Try it | Among the records, which lines hold the word "obtain"? Pick them out.

Stored data |
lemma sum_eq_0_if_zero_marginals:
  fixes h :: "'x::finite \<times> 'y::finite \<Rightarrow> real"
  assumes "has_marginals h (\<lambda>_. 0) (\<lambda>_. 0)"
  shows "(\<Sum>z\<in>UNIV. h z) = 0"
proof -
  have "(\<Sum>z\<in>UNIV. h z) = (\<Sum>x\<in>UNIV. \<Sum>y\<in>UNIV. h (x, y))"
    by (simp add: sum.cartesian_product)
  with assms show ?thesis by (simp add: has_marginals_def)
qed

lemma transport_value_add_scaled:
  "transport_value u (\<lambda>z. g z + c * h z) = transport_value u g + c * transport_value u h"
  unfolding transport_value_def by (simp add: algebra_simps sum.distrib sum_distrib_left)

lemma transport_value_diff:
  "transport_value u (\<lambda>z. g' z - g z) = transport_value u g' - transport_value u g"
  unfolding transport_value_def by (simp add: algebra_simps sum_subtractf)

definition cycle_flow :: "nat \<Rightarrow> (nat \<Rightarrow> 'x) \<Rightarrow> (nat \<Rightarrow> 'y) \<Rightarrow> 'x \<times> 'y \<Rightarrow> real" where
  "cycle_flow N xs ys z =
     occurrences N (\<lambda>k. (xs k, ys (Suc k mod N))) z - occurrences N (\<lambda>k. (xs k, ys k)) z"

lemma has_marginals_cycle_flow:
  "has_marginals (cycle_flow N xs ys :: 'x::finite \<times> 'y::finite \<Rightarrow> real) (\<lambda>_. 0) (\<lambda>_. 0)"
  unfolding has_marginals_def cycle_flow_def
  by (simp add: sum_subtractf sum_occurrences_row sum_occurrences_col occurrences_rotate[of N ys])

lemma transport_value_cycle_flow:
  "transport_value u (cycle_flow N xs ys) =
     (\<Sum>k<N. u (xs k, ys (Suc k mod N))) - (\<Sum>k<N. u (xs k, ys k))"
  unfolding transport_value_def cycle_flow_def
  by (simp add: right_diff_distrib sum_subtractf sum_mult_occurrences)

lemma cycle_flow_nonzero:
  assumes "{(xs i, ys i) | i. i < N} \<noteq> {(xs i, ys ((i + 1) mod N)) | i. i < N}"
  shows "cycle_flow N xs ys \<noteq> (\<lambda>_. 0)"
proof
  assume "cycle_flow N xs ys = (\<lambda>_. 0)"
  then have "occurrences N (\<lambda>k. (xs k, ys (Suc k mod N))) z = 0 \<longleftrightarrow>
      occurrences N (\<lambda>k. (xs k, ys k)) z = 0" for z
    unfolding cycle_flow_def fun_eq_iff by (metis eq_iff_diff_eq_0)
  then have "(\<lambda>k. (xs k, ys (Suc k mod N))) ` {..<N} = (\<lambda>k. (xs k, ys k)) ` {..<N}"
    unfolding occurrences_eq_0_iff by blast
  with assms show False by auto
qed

* * *

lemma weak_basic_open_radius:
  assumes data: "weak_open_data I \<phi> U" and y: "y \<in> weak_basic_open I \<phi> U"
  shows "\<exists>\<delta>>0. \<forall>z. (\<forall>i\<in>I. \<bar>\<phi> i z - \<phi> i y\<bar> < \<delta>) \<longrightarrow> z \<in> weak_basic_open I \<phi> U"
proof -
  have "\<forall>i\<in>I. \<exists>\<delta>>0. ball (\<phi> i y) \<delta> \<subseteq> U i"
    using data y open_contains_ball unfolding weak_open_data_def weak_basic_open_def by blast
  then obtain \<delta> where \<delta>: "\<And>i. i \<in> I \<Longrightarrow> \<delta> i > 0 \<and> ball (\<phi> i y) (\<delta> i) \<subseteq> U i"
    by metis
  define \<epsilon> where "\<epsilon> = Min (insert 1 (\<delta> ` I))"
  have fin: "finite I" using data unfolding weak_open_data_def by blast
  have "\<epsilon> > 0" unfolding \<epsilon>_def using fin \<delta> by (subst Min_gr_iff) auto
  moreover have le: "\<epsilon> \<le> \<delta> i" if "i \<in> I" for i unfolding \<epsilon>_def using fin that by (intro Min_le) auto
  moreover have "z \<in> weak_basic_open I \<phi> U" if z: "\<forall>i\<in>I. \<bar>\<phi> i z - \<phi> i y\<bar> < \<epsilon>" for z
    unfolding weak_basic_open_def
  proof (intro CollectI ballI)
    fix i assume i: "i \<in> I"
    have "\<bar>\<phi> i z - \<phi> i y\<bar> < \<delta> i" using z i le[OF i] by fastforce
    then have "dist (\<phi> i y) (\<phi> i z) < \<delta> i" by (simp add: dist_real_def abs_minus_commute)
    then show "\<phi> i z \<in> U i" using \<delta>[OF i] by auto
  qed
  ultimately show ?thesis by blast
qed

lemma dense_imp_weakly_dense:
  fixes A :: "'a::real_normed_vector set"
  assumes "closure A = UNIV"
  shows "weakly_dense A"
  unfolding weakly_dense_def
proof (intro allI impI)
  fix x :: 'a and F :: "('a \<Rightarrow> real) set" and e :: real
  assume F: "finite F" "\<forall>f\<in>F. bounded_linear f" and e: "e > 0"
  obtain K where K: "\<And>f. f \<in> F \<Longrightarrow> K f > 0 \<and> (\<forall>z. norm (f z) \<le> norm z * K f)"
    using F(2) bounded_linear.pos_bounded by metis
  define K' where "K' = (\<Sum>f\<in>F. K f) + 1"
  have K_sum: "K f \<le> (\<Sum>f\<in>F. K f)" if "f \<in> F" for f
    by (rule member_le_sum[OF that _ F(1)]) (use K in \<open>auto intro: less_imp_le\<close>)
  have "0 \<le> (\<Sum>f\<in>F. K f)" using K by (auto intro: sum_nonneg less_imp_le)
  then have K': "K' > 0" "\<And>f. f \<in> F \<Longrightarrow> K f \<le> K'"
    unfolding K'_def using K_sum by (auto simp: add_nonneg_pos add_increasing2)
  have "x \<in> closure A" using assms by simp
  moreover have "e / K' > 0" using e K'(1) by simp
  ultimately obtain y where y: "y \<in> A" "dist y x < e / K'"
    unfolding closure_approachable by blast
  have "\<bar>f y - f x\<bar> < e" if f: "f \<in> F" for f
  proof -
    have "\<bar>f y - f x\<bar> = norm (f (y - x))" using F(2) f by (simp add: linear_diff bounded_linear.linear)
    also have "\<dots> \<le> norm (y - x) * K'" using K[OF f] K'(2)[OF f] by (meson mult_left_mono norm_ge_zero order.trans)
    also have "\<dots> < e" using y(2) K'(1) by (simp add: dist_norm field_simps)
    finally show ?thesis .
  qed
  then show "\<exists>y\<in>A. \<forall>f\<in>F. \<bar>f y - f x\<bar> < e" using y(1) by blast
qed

Answer for the task |
  then obtain \<delta> where \<delta>: "\<And>i. i \<in> I \<Longrightarrow> \<delta> i > 0 \<and> ball (\<phi> i y) (\<delta> i) \<subseteq> U i"
  obtain K where K: "\<And>f. f \<in> F \<Longrightarrow> K f > 0 \<and> (\<forall>z. norm (f z) \<le> norm z * K f)"
  ultimately obtain y where y: "y \<in> A" "dist y x < e / K'"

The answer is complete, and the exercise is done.